EX-5 2 dex5.htm OPINION OF TROUTMAN SANDERS LLP OPINION OF TROUTMAN SANDERS LLP

Exhibit 5

TROUTMAN SANDERS LLP

ATTORNEYS AT LAW

BANK OF AMERICA PLAZA

600 PEACHTREE STREET, N.E.—SUITE 5200

ATLANTA, GEORGIA 30308-2216

www.troutmansanders.com

TELEPHONE: 404-885-3000

FACSIMILE: 404-885-3900

May 16, 2008

CompuCredit Corporation

Five Concourse Parkway, Suite 400

Atlanta, Georgia 30328

 

Re: Registration Statement on Form S-8

Ladies and Gentlemen:

We have acted as counsel to CompuCredit Corporation, a Georgia corporation (the “Company”), in connection with the registration statement on Form S-8 (the “Registration Statement”) to be filed with the Securities and Exchange Commission (the “SEC”) on or about May 16, 2008, for the purpose of registering under the Securities Act of 1933, as amended (the “Act”), (i) 2,000,000 shares of Common Stock, no par value (“Common Stock”), to be issued pursuant to the CompuCredit Corporation 2008 Equity Incentive Plan (the “2008 Plan”), and (ii) 250,000 additional shares of Common Stock to be issued pursuant to the CompuCredit Corporation Amended and Restated Employee Stock Purchase Plan (the “ESPP”). The 2008 Plan and the ESPP are collectively referred to herein as the “Plans.” All 2,250,000 shares of Common Stock issuable under the Plans are collectively referred to herein as the “Shares.”

As counsel for the Company, we have examined originals, or copies certified or otherwise identified to our satisfaction, of such instruments, certificates, records and documents, and have reviewed such questions of law, as we have deemed necessary or appropriate for purposes of this opinion. In such examination, we have assumed the genuineness of all signatures, the authenticity of all documents submitted to us as originals, the conformity to the original documents of all documents submitted as copies and the authenticity of the originals of such latter documents. As to any facts material to our opinion, we have relied upon the aforesaid instruments, certificates, records and documents and inquiries of the Company’s representatives.

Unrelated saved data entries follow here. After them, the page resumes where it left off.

lemma f2_dependent_minimal_subset:
  assumes "finite S" "f2_dependent m v S"
  obtains T where "T \<subseteq> S" "f2_dependent m v T" "\<And>D. D \<subset> T \<Longrightarrow> \<not> f2_dependent m v D"
proof -
  let ?A = "{T. T \<subseteq> S \<and> f2_dependent m v T}"
  have "finite ?A" using assms(1) by simp
  moreover have "S \<in> ?A" using assms(2) by simp
  ultimately obtain T where T: "T \<in> ?A" "\<forall>D\<in>?A. D \<le> T \<longrightarrow> T = D"
    using finite_has_minimal2[of ?A S] by blast
  moreover have "\<not> f2_dependent m v D" if "D \<subset> T" for D
    using T that by blast
  ultimately show ?thesis
    using that by blast
qed

lemma binary_matroid_sym_diff:
  assumes "binary_matroid n \<C>" "C1 \<in> \<C>" "C2 \<in> \<C>" "C1 \<noteq> C2"
  obtains C3 where "C3 \<in> \<C>" "C3 \<subseteq> sym_diff C1 C2"
proof -
  obtain m v where \<C>_eq: "\<C> = {C. C \<subseteq> {1..n} \<and> f2_dependent m v C \<and>
      (\<forall>D. D \<subset> C \<longrightarrow> \<not> f2_dependent m v D)}"
    using assms(1) unfolding binary_matroid_def by blast
  have circuit_sum: "(\<Sum>i\<in>C. v i j) = 0" if "C \<in> \<C>" "j < m" for C j
  proof -
    obtain T where T: "T \<subseteq> C" "T \<noteq> {}" "\<forall>j<m. (\<Sum>i\<in>T. v i j) = 0"
      using \<open>C \<in> \<C>\<close> \<C>_eq unfolding f2_dependent_def by blast
    then have "T = C"
      using \<open>C \<in> \<C>\<close> \<C>_eq unfolding f2_dependent_def by blast
    with T \<open>j < m\<close> show ?thesis by simp
  qed
  have fin: "finite C1" "finite C2"
    using assms(2,3) \<C>_eq by (auto intro: finite_subset)
  have "f2_dependent m v (sym_diff C1 C2)"
    unfolding f2_dependent_def
    using assms(2-4) circuit_sum sum_sym_diff_bit[OF fin] by (intro exI[of _ "sym_diff C1 C2"]) auto
  then obtain T where "T \<subseteq> sym_diff C1 C2" "f2_dependent m v T"
      "\<And>D. D \<subset> T \<Longrightarrow> \<not> f2_dependent m v D"
    using f2_dependent_minimal_subset fin by (metis finite_Diff finite_UnI)
  moreover have "T \<subseteq> {1..n}"
    using \<open>T \<subseteq> sym_diff C1 C2\<close> assms(2,3) \<C>_eq by blast
  ultimately show ?thesis
    using that \<C>_eq by blast
qed

lemma matroid_circuits_antichain:
  "matroid_circuits n \<C> \<Longrightarrow> C1 \<in> \<C> \<Longrightarrow> C2 \<in> \<C> \<Longrightarrow> C1 \<subseteq> C2 \<Longrightarrow> C1 = C2"
  unfolding matroid_circuits_def by (elim conjE) blast

lemma matroid_circuits_subset:
  "matroid_circuits n \<C> \<Longrightarrow> C \<in> \<C> \<Longrightarrow> C \<subseteq> {1..n}"
  unfolding matroid_circuits_def by (elim conjE) blast

lemma binary_insert_diff_circuit:
  assumes "matroid_circuits n \<C>" "binary_matroid n \<C>" "C \<in> \<C>" "D \<in> \<C>"
    and "a \<in> D - C" "D - {a} \<subseteq> C" "D \<noteq> {a}"
  shows "insert a (C - D) \<in> \<C>"
proof -
  have "C \<noteq> D"
    using assms(5) by blast
  then obtain C3 where C3: "C3 \<in> \<C>" "C3 \<subseteq> sym_diff C D"
    by (rule binary_matroid_sym_diff[OF assms(2,3,4)])
  have sym_diff_CD: "sym_diff C D = insert a (C - D)"
    using assms(5,6) by blast
  obtain d where d: "d \<in> D" "d \<in> C" "d \<noteq> a"
    using assms(5-7) by auto
  have "a \<in> C3"
  proof (rule ccontr)
    assume "a \<notin> C3"
    then have "C3 \<subseteq> C"
      using C3(2) sym_diff_CD by blast
    then have "C3 = C"
      using matroid_circuits_antichain[OF assms(1) C3(1) assms(3)] by blast
    then show False
      using C3(2) d(1,2) by blast
  qed
  have "C3 \<noteq> D"
    using C3(2) d(1,2) by blast
  then obtain C4 where C4: "C4 \<in> \<C>" "C4 \<subseteq> sym_diff C3 D"
    by (rule binary_matroid_sym_diff[OF assms(2) C3(1) assms(4)])
  have "sym_diff C3 D \<subseteq> C"
    using C3(2) \<open>a \<in> C3\<close> assms(6) by auto
  then have "C4 = C"
    using C4(2) matroid_circuits_antichain[OF assms(1) C4(1) assms(3)] by blast
  then have "C - D \<subseteq> C3"
    using C4(2) by blast
  then show ?thesis
    using C3 sym_diff_CD \<open>a \<in> C3\<close> by (metis insert_subsetI subset_antisym)
qed

lemma Vcirc_iff_no_strict_max:
  assumes "finite D"
  shows "x \<in> Vcirc n D \<longleftrightarrow> x \<in> TP n \<and> D \<noteq> {} \<and> (\<forall>a\<in>D. \<exists>b\<in>D. b \<noteq> a \<and> x a \<le> x b)"
proof
  assume "x \<in> Vcirc n D"
  then obtain i j where ij: "x \<in> TP n" "i \<in> D" "j \<in> D" "i \<noteq> j"
      "x i = Max (x ` D)" "x j = Max (x ` D)"
    unfolding Vcirc_def by blast
  have "\<exists>b\<in>D. b \<noteq> a \<and> x a \<le> x b" if "a \<in> D" for a
  proof -
    have "x a \<le> Max (x ` D)"
      using assms that by simp
    then show ?thesis
      using ij by (cases "a = i") auto
  qed
  with ij show "x \<in> TP n \<and> D \<noteq> {} \<and> (\<forall>a\<in>D. \<exists>b\<in>D. b \<noteq> a \<and> x a \<le> x b)"
    by blast
next
  assume R: "x \<in> TP n \<and> D \<noteq> {} \<and> (\<forall>a\<in>D. \<exists>b\<in>D. b \<noteq> a \<and> x a \<le> x b)"
  have "Max (x ` D) \<in> x ` D"
    using assms R by simp
  then obtain a where a: "a \<in> D" "x a = Max (x ` D)"
    by (metis imageE)
  with R obtain b where b: "b \<in> D" "b \<noteq> a" "x a \<le> x b"
    by blast
  have "x b \<le> Max (x ` D)"
    using assms b(1) by simp
  then have "x b = Max (x ` D)"
    using a(2) b(3) by simp
  with R a b show "x \<in> Vcirc n D"
    unfolding Vcirc_def by blast
qed

lemma Vcirc_sym_diff:
  assumes "finite C1" "finite C2" "C1 \<inter> C2 = {e}"
    and "x \<in> Vcirc n C1" "x \<in> Vcirc n C2"
  shows "x \<in> Vcirc n (sym_diff C1 C2)"
proof -
  have dominated: "\<exists>b\<in>sym_diff C1 C2. b \<noteq> a \<and> x a \<le> x b"
    if fin: "finite C1" "finite C2" and common: "C1 \<inter> C2 = {e}"
      and V: "x \<in> Vcirc n C1" "x \<in> Vcirc n C2" and a: "a \<in> C1 - C2" for C1 C2 a
  proof -
    have ties1: "\<forall>a\<in>C1. \<exists>b\<in>C1. b \<noteq> a \<and> x a \<le> x b"
      using fin(1) V(1) Vcirc_iff_no_strict_max by blast
    have ties2: "\<forall>a\<in>C2. \<exists>b\<in>C2. b \<noteq> a \<and> x a \<le> x b"
      using fin(2) V(2) Vcirc_iff_no_strict_max by blast
    obtain b where b: "b \<in> C1" "b \<noteq> a" "x a \<le> x b"
      using ties1 a by blast
    show ?thesis
    proof (cases "b = e")
      case False
      then show ?thesis
        using b common by blast
    next
      case True
      have "e \<in> C2"
        using common by blast
      then obtain r where r: "r \<in> C2" "r \<noteq> e" "x e \<le> x r"
        using ties2 by blast
      have "r \<in> C2 - C1" "r \<noteq> a"
        using r(1,2) common a by blast+
      moreover have "x a \<le> x r"
        using b(3) r(3) True by simp
      ultimately show ?thesis
        by blast
    qed
  qed
  have "finite (sym_diff C1 C2)"
    using assms(1,2) by blast
  moreover have "x \<in> TP n"
    using assms(4) unfolding Vcirc_def by blast
  moreover obtain i j where "i \<in> C1" "j \<in> C1" "i \<noteq> j"
    using assms(4) unfolding Vcirc_def by blast
  then have "sym_diff C1 C2 \<noteq> {}"
    using assms(3) by auto
  moreover have "sym_diff C2 C1 = sym_diff C1 C2" "C2 \<inter> C1 = {e}"
    using assms(3) by auto
  then have "\<exists>b\<in>sym_diff C1 C2. b \<noteq> a \<and> x a \<le> x b" if "a \<in> sym_diff C1 C2" for a
    using that dominated[OF assms] dominated[OF assms(2,1) _ assms(5,4), of a] by blast
  ultimately show ?thesis
    using Vcirc_iff_no_strict_max[of "sym_diff C1 C2" x n] by blast
qed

Based upon the foregoing examination, we are of the opinion that the Shares have been duly authorized and, when issued by the Company in the manner contemplated by the Plans, will be validly issued, fully paid and non-assessable.

We are members of the Bar of the State of Georgia. The opinions set forth herein are limited to the Georgia Business Corporation Code. We are not opining as to any laws other than the laws of the State of Georgia (including, but not limited to, “blue sky” or other state securities laws) or as to the laws of any other jurisdiction.

ATLANTA • HONG KONG • LONDON • NEW YORK • NEWARK • NORFOLK • RALEIGH RICHMOND • SHANGHAI • TYSONS CORNER • VIRGINIA BEACH • WASHINGTON, D.C.


TROUTMAN SANDERS LLP

        ATTORNEYS AT LAW

CompuCredit Corporation

May 16, 2008

Page 2

This opinion is limited to the matters expressly opined on herein, and no opinion may be implied or inferred beyond those expressly stated. This opinion is rendered as of the date hereof, and we make no undertaking and expressly disclaim any duty to supplement or update such opinion, if, after the date hereof, facts or circumstances come to our attention or changes in the law occur which could affect such opinion. This opinion is being furnished to the Company solely for its benefit in connection with the transactions contemplated by the Plans and, except as expressly set forth below, is not to be used, circulated, quoted or otherwise referred to for any other purpose without our prior express written consent and may not be relied upon by any other person without our express written consent.

We hereby consent to the filing of this opinion or copies thereof as an exhibit to the Registration Statement and to the reference to this firm under the heading “Legal Matters” in the Registration Statement. In giving this consent, we do not thereby admit that we come within the category of persons whose consent is required under Section 7 of the Act or the rules and regulations of the SEC thereunder.